INSTRUCTIONS TO FOLLOW: A faithful transcription of all lines below is the expected answer.
+++
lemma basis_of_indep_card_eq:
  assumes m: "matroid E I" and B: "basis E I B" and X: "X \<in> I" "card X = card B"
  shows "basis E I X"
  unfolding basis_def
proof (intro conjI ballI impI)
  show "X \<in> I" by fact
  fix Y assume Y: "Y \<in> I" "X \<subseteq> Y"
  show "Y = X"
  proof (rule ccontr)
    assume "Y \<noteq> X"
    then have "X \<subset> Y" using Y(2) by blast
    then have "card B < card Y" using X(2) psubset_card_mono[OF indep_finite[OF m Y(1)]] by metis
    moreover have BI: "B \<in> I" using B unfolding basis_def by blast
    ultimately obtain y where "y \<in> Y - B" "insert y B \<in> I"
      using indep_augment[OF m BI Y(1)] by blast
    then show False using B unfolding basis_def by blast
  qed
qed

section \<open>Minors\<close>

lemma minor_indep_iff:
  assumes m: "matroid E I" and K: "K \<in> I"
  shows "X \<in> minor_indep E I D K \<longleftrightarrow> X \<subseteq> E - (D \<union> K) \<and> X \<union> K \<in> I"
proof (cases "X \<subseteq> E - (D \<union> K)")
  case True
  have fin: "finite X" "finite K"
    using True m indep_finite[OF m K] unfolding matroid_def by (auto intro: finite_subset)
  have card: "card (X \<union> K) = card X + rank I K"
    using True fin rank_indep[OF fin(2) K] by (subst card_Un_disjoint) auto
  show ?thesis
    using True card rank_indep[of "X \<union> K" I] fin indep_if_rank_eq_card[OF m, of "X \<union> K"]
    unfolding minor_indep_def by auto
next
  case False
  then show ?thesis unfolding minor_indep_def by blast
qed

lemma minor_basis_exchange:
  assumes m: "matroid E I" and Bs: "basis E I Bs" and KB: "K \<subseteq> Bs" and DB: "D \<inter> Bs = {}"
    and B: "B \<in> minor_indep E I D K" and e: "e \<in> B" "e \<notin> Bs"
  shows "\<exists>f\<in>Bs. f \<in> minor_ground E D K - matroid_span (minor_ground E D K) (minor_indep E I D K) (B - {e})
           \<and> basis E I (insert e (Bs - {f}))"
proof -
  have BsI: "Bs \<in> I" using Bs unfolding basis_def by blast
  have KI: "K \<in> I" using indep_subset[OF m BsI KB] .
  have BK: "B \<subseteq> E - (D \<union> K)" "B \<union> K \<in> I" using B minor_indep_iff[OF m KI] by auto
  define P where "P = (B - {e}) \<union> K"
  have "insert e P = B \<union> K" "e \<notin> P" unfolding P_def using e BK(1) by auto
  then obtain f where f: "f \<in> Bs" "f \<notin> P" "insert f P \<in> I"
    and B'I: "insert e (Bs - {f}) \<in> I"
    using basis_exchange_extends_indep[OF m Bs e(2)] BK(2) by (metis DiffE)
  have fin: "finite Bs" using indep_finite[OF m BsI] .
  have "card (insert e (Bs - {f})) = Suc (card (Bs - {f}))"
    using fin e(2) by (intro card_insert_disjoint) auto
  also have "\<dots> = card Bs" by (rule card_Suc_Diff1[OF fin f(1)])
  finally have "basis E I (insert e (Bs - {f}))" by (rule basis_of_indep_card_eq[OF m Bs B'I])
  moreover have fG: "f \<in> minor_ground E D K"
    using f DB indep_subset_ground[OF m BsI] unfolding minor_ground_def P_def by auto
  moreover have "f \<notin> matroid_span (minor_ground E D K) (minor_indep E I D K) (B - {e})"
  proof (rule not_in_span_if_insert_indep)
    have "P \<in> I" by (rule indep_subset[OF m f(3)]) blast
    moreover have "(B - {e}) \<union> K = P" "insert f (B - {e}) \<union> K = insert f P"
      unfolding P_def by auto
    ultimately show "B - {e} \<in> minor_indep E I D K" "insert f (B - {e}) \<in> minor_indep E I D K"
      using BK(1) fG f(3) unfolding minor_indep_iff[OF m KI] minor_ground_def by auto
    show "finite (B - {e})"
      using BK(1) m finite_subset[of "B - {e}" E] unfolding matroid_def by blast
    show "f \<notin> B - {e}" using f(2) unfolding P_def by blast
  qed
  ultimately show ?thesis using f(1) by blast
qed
+++
OUTPUT OF THE TASK:
lemma basis_of_indep_card_eq:
  assumes m: "matroid E I" and B: "basis E I B" and X: "X \<in> I" "card X = card B"
  shows "basis E I X"
  unfolding basis_def
proof (intro conjI ballI impI)
  show "X \<in> I" by fact
  fix Y assume Y: "Y \<in> I" "X \<subseteq> Y"
  show "Y = X"
  proof (rule ccontr)
    assume "Y \<noteq> X"
    then have "X \<subset> Y" using Y(2) by blast
    then have "card B < card Y" using X(2) psubset_card_mono[OF indep_finite[OF m Y(1)]] by metis
    moreover have BI: "B \<in> I" using B unfolding basis_def by blast
    ultimately obtain y where "y \<in> Y - B" "insert y B \<in> I"
      using indep_augment[OF m BI Y(1)] by blast
    then show False using B unfolding basis_def by blast
  qed
qed

section \<open>Minors\<close>

lemma minor_indep_iff:
  assumes m: "matroid E I" and K: "K \<in> I"
  shows "X \<in> minor_indep E I D K \<longleftrightarrow> X \<subseteq> E - (D \<union> K) \<and> X \<union> K \<in> I"
proof (cases "X \<subseteq> E - (D \<union> K)")
  case True
  have fin: "finite X" "finite K"
    using True m indep_finite[OF m K] unfolding matroid_def by (auto intro: finite_subset)
  have card: "card (X \<union> K) = card X + rank I K"
    using True fin rank_indep[OF fin(2) K] by (subst card_Un_disjoint) auto
  show ?thesis
    using True card rank_indep[of "X \<union> K" I] fin indep_if_rank_eq_card[OF m, of "X \<union> K"]
    unfolding minor_indep_def by auto
next
  case False
  then show ?thesis unfolding minor_indep_def by blast
qed

lemma minor_basis_exchange:
  assumes m: "matroid E I" and Bs: "basis E I Bs" and KB: "K \<subseteq> Bs" and DB: "D \<inter> Bs = {}"
    and B: "B \<in> minor_indep E I D K" and e: "e \<in> B" "e \<notin> Bs"
  shows "\<exists>f\<in>Bs. f \<in> minor_ground E D K - matroid_span (minor_ground E D K) (minor_indep E I D K) (B - {e})
           \<and> basis E I (insert e (Bs - {f}))"
proof -
  have BsI: "Bs \<in> I" using Bs unfolding basis_def by blast
  have KI: "K \<in> I" using indep_subset[OF m BsI KB] .
  have BK: "B \<subseteq> E - (D \<union> K)" "B \<union> K \<in> I" using B minor_indep_iff[OF m KI] by auto
  define P where "P = (B - {e}) \<union> K"
  have "insert e P = B \<union> K" "e \<notin> P" unfolding P_def using e BK(1) by auto
  then obtain f where f: "f \<in> Bs" "f \<notin> P" "insert f P \<in> I"
    and B'I: "insert e (Bs - {f}) \<in> I"
    using basis_exchange_extends_indep[OF m Bs e(2)] BK(2) by (metis DiffE)
  have fin: "finite Bs" using indep_finite[OF m BsI] .
  have "card (insert e (Bs - {f})) = Suc (card (Bs - {f}))"
    using fin e(2) by (intro card_insert_disjoint) auto
  also have "\<dots> = card Bs" by (rule card_Suc_Diff1[OF fin f(1)])
  finally have "basis E I (insert e (Bs - {f}))" by (rule basis_of_indep_card_eq[OF m Bs B'I])
  moreover have fG: "f \<in> minor_ground E D K"
    using f DB indep_subset_ground[OF m BsI] unfolding minor_ground_def P_def by auto
  moreover have "f \<notin> matroid_span (minor_ground E D K) (minor_indep E I D K) (B - {e})"
  proof (rule not_in_span_if_insert_indep)
    have "P \<in> I" by (rule indep_subset[OF m f(3)]) blast
    moreover have "(B - {e}) \<union> K = P" "insert f (B - {e}) \<union> K = insert f P"
      unfolding P_def by auto
    ultimately show "B - {e} \<in> minor_indep E I D K" "insert f (B - {e}) \<in> minor_indep E I D K"
      using BK(1) fG f(3) unfolding minor_indep_iff[OF m KI] minor_ground_def by auto
    show "finite (B - {e})"
      using BK(1) m finite_subset[of "B - {e}" E] unfolding matroid_def by blast
    show "f \<notin> B - {e}" using f(2) unfolding P_def by blast
  qed
  ultimately show ?thesis using f(1) by blast
qed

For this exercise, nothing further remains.